One caveat. Interoceptive exposure exercises are teaching tools for learning more about one’s symptoms of panic. While not dangerous, they will deliberately induce moderate levels of discomfort and as such, it might be normal to want to avoid such uncomfortable sensations in the short-term. However, in the long-term avoidance of uncomfortable sensations only reinforces the very panic one dreads.
Another caveat. Before attempting exposure-based exercises, one should be in generally good health. You may want to check with your physician before attempting interoceptive exposure, which is designed to be uncomfortable but not painful. For example, persons with cardiac conditions, epilepsy or seizures, lung problems or asthma, neck or back conditions, or other physical problems may inadvertently exacerbate, rather than remedy, physical symptoms.
The kinds of interoceptive activities one engages in depends on one’s physical symptoms. For persons with Generalized Anxiety Disorder (GAD), caffeine might be administered to make thoughts race and induce worry about loss of control. Individuals with social anxiety (or social phobia) might deliberately induce sweating before giving a speech.
The aim of interoceptive exposure is to replicate actual symptoms experienced during an anxiety or panic attack and in the process desensitize one’s conditioned response that the physical sensations will cause an attack to occur. The end result is that uncomfortable physical symptoms are seen as just that, uncomfortable, rather than a sign of impending doom or disaster.
Consider how the physical symptoms associated with running five miles on a treadmill might mimic the same symptoms associated with a panic attack. Whereas the panic prone person might make this connection and attribute what they are experiencing as a panic attack, another person may correctly attribute what they’re experiencing as a “normal response” to working out. In the case of running five miles, both participants are experiencing the same symptoms but the anxiety or panic sufferer is adding on negative or catastrophic meaning to their experience.

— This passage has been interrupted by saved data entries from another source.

lemma eq_terms_value:
  assumes wf: "bilin_wf M e"
    and coords: "\<And>l. l < 2 * M \<Longrightarrow> owner l \<noteq> i \<and> \<sigma> (owner l) (slot l) = y l"
    and blocks: "\<And>l l'. l < M \<Longrightarrow> M \<le> l' \<Longrightarrow> l' < 2 * M \<Longrightarrow> owner l \<noteq> owner l'"
  shows "sum_list (map (term_value \<sigma> i j) (eq_terms owner slot i s e)) = of_bool (j = s) * bilin_val e y"
proof -
  obtain c L B where e: "e = (c, L, B)" by (cases e)
  have lin: "map (\<lambda>(w, l). term_value \<sigma> i j (w, [i \<mapsto> s, owner l \<mapsto> slot l])) L
      = map (\<lambda>(w, l). of_bool (j = s) * (w * y l)) L"
  proof (intro map_cong refl, clarify)
    fix w l assume "(w, l) \<in> set L"
    then have "l < 2 * M" using wf by (auto simp: e)
    then show "term_value \<sigma> i j (w, [i \<mapsto> s, owner l \<mapsto> slot l]) = of_bool (j = s) * (w * y l)"
      using coords by (simp add: term_value_single)
  qed
  have bilin: "map (\<lambda>(w, l, l'). term_value \<sigma> i j (w, [i \<mapsto> s, owner l \<mapsto> slot l, owner l' \<mapsto> slot l'])) B
      = map (\<lambda>(w, l, l'). of_bool (j = s) * (w * y l * y l')) B"
  proof (intro map_cong refl, clarify)
    fix w l l' assume "(w, l, l') \<in> set B"
    then have "l < M" "M \<le> l'" "l' < 2 * M" using wf by (auto simp: e)
    then show "term_value \<sigma> i j (w, [i \<mapsto> s, owner l \<mapsto> slot l, owner l' \<mapsto> slot l'])
        = of_bool (j = s) * (w * y l * y l')"
      using coords[of l] coords[of l'] blocks by (simp add: term_value_pair)
  qed
  have "sum_list (map (term_value \<sigma> i j) (eq_terms owner slot i s e))
      = term_value \<sigma> i j (c, [i \<mapsto> s])
        + sum_list (map (\<lambda>(w, l). term_value \<sigma> i j (w, [i \<mapsto> s, owner l \<mapsto> slot l])) L)
        + sum_list (map (\<lambda>(w, l, l'). term_value \<sigma> i j (w, [i \<mapsto> s, owner l \<mapsto> slot l, owner l' \<mapsto> slot l'])) B)"
    by (simp add: e map_map comp_def prod.case_distrib)
  also have "\<dots> = of_bool (j = s) * c + (\<Sum>(w, l)\<leftarrow>L. of_bool (j = s) * (w * y l))
      + (\<Sum>(w, l, l')\<leftarrow>B. of_bool (j = s) * (w * y l * y l'))"
    by (simp only: lin bilin term_value_const)
  also have "\<dots> = of_bool (j = s) * bilin_val e y"
    by (simp add: e distrib_left sum_list_const_mult case_prod_unfold mult.assoc)
  finally show ?thesis .
qed

lemma sum_of_bool_Suc:
  "(\<Sum>k<r. of_bool (j = Suc k) * f k) = (if 1 \<le> j \<and> j \<le> r then f (j - 1) else (0::real))"
proof -
  have "(\<Sum>k<r. of_bool (j = Suc k) * f k) = (\<Sum>k<r. if k = j - 1 \<and> 1 \<le> j then f k else 0)"
    by (intro sum.cong) auto
  then show ?thesis by (cases "1 \<le> j") (auto simp: sum.delta')
qed

lemma sum_strat_of_coords: "(\<Sum>j\<le>d i. strat_of_coords d y i j) = 1"
proof -
  have "{..d i} = insert 0 {1..d i}" by auto
  then show ?thesis by (simp add: strat_of_coords_def sum.If_cases Int_absorb2)
qed

lemma strat_of_coords_Suc: "strat_of_coords d y i (Suc a) = y (offset d i + a)"
  by (simp add: strat_of_coords_def)

lemma strat_of_coords_0: "strat_of_coords d y i 0 = 1 - (\<Sum>a<d i. y (offset d i + a))"
proof -
  have "{1..d i} = Suc ` {..<d i}" by (auto simp: image_iff) (metis Suc_pred lessThan_iff less_eq_Suc_le)
  then show ?thesis by (simp add: strat_of_coords_def sum.reindex)
qed

definition open_simplex_block :: "nat \<Rightarrow> nat \<Rightarrow> (nat \<Rightarrow> real) \<Rightarrow> bool" where
  "open_simplex_block off k y \<longleftrightarrow> (\<forall>a<k. 0 < y (off + a)) \<and> (\<Sum>a<k. y (off + a)) < 1"

lemma strat_of_coords_interior_iff:
  assumes "0 < d i"
  shows "(\<forall>j\<le>d i. 0 < strat_of_coords d y i j \<and> strat_of_coords d y i j < 1)
     \<longleftrightarrow> open_simplex_block (offset d i) (d i) y"
  unfolding open_simplex_block_def
proof
  assume interior: "\<forall>j\<le>d i. 0 < strat_of_coords d y i j \<and> strat_of_coords d y i j < 1"
  have "0 < y (offset d i + a)" if "a < d i" for a
    using interior[rule_format, of "Suc a"] that by (simp add: strat_of_coords_Suc)
  moreover have "(\<Sum>a<d i. y (offset d i + a)) < 1"
    using interior[rule_format, of 0] by (simp add: strat_of_coords_0)
  ultimately show "(\<forall>a<d i. 0 < y (offset d i + a)) \<and> (\<Sum>a<d i. y (offset d i + a)) < 1" by blast
next
  assume pos_sum: "(\<forall>a<d i. 0 < y (offset d i + a)) \<and> (\<Sum>a<d i. y (offset d i + a)) < 1"
  let ?s = "\<Sum>a<d i. y (offset d i + a)"
  have "0 < ?s" using pos_sum assms by (intro sum_pos) auto
  show "\<forall>j\<le>d i. 0 < strat_of_coords d y i j \<and> strat_of_coords d y i j < 1"
  proof (intro allI impI)
    fix j assume "j \<le> d i"
    show "0 < strat_of_coords d y i j \<and> strat_of_coords d y i j < 1"
    proof (cases j)
      case 0 then show ?thesis using pos_sum \<open>0 < ?s\<close> by (simp add: strat_of_coords_0)
    next
      case (Suc a)
      then have "a < d i" using \<open>j \<le> d i\<close> by simp
      then have "y (offset d i + a) \<le> ?s"
        using pos_sum by (intro member_le_sum) (auto simp: less_imp_le)
      then show ?thesis using pos_sum \<open>a < d i\<close> Suc by (simp add: strat_of_coords_Suc)
    qed
  qed
qed

section \<open>Coordinates ranging over an open simplex or an open cube\<close>

definition times_open_simplex :: "nat \<Rightarrow> (nat \<Rightarrow> real) set \<Rightarrow> nat \<Rightarrow> (nat \<Rightarrow> real) set" where
  "times_open_simplex m W r = {y\<in>Rk (m + r). trunc_coords m y \<in> W \<and> open_simplex_block m r y}"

The good news… interoceptive exposure is part of an arsenal of effective techniques for reducing and, eventually, gaining mastery over anxiety and panic. With the guidance and support of a mental health professional trained in evidence-based treatment of anxiety disorders, you can acquire skills that will enable you to gain mastery over and freedom from whatever is holding you back from living with joy, purpose and meaning.